Justice is properly defined negatively as a lack of injustice. Americans have traditionally recognized with Locke that humans have natural, inalienable rights and that any violation of them is an injustice. Justice, therefore, is a condition in which there are no violations of natural rights. In short, justice is freedom. This idea is evident in founding father John Dickinson’s quotation of Micah 4:4 to define his conception of a perfectly just society: “that they should sit every man under his vine, and under his fig-tree, and none should make them afraid.”[2] Social justice, then, is the application of this principle of to a society; there is social justice when all members of society are secure in their natural rights.

Given this definition, conservatives can concur with Progressives that government has an essential role to play in establishing social justice. In keeping with Jefferson’s ideas in the Declaration of Independence, the purpose of government is to secure our inalienable, natural rights, that is, given our definition, to promote justice. The American Constitution declares that its intention is to “establish justice.” The government certainly has a role to play in keeping society just. Many in contemporary society, however, have adopted perverse ideas about justice.

In common parlance social justice has come to mean helping the poor with a heavy emphasis on equality as a means to that end or as an end in itself. The focus on equality of outcomes results in ranking individuals into classes: haves and have-nots, privileged and exploited. Take the University of Arizona social justice program “Privilege Chains” for example. In this exercise students are asked to assess their level of privilege in terms of several criteria such as their ethnicity and where they have gone on vacation.[3] The end of the exercise asks students to consider how they can make sure underprivileged people are treated equitably. The problem with this way of thinking about justice is that it equates inequality with injustice. Rather than considering it merely a fact that your family took more vacations than mine, I am taught to think of it as a privilege arbitrarily given to you but not to me. This is the same attitude exemplified by President Barack Obama in his statement that higher capital gains taxes were justified, even if they decreased government revenue, because lower rates were “unfair.”[4] Ronald Reagan summarized the attitude behind this position saying, “We have so many people who can't see a fat man standing beside a thin one without coming to the conclusion the fat man got that way by taking advantage of the thin one.”[5] This idea, that exploitation is the cause of all social problems and that forced equality is the cure, is a poor substitute for justice.

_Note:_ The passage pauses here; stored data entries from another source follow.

lemma summable_norm_powser_coeff_le_1:
  fixes x :: "'a::real_normed_div_algebra"
  assumes "\<And>n. norm (f n) \<le> 1" and "norm x < 1"
  shows "summable (\<lambda>n. norm (f n * x ^ n))"
proof (rule summable_comparison_test'[OF summable_geometric[of "norm x"]])
  show "norm (norm (f n * x ^ n)) \<le> norm x ^ n" for n
    using assms(1)[of n] by (simp add: norm_mult norm_power mult_left_le_one_le)
qed (use assms(2) in simp)

section \<open>The coefficients of \<open>H_s\<close>\<close>

definition Hs_coeff :: "real \<Rightarrow> nat \<Rightarrow> real" where
  "Hs_coeff s n = (1 + real n) powr s"

lemma Hs_kernel_eq_real_powser: "Hs_kernel s z w = real_powser (Hs_coeff s) (z * cnj w)"
  unfolding Hs_kernel_def real_powser_def Hs_coeff_def by simp

lemma Hs_coeff_pos: "0 < Hs_coeff s n"
  by (simp add: Hs_coeff_def)

lemma Hs_coeff_0 [simp]: "Hs_coeff s 0 = 1"
  by (simp add: Hs_coeff_def)

lemma Hs_coeff_le_1: "s \<le> 0 \<Longrightarrow> Hs_coeff s n \<le> 1"
  unfolding Hs_coeff_def using powr_mono[of s 0 "1 + real n"] by simp

lemma Hs_coeff_ratio_strict_mono:
  assumes "s < 0"
  shows "strict_mono (\<lambda>n. Hs_coeff s (Suc n) / Hs_coeff s n)"
proof (rule strict_monoI)
  fix m m' :: nat assume "m < m'"
  have ratio: "Hs_coeff s (Suc k) / Hs_coeff s k = ((real k + 2) / (real k + 1)) powr s" for k
    unfolding Hs_coeff_def by (simp add: powr_divide add.commute add.left_commute)
  have "(real m' + 2) / (real m' + 1) < (real m + 2) / (real m + 1)"
    using \<open>m < m'\<close> by (simp add: field_simps)
  then show "Hs_coeff s (Suc m) / Hs_coeff s m < Hs_coeff s (Suc m') / Hs_coeff s m'"
    unfolding ratio using powr_less_mono2_neg[OF assms] by simp
qed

[1] Lewis, C. S. "THE HUMANITARIAN THEORY OF PUNISHMENT." In God in the dock: essays on theology and ethics. Grand Rapids: Eerdmans, 1970. 287-300.
[2] Dickinson, John. "Letter V." Letters From a Farmer In Pennsylvania to the Inhabitants of the British Colonies, 1768.
[3] "Social Justice Program Guides." University of Arizona Residence Life. (accessed November 8, 2013).
[4] Obama, Barack. Democratic Presidential Debate. ABC, April 16, 2008.
[5] Reagan, Ronald. "A Time For Choosing." Speech, Rendezvous with Destiny from TV for Goldwater-Miller, San Francisco, October 27, 1964.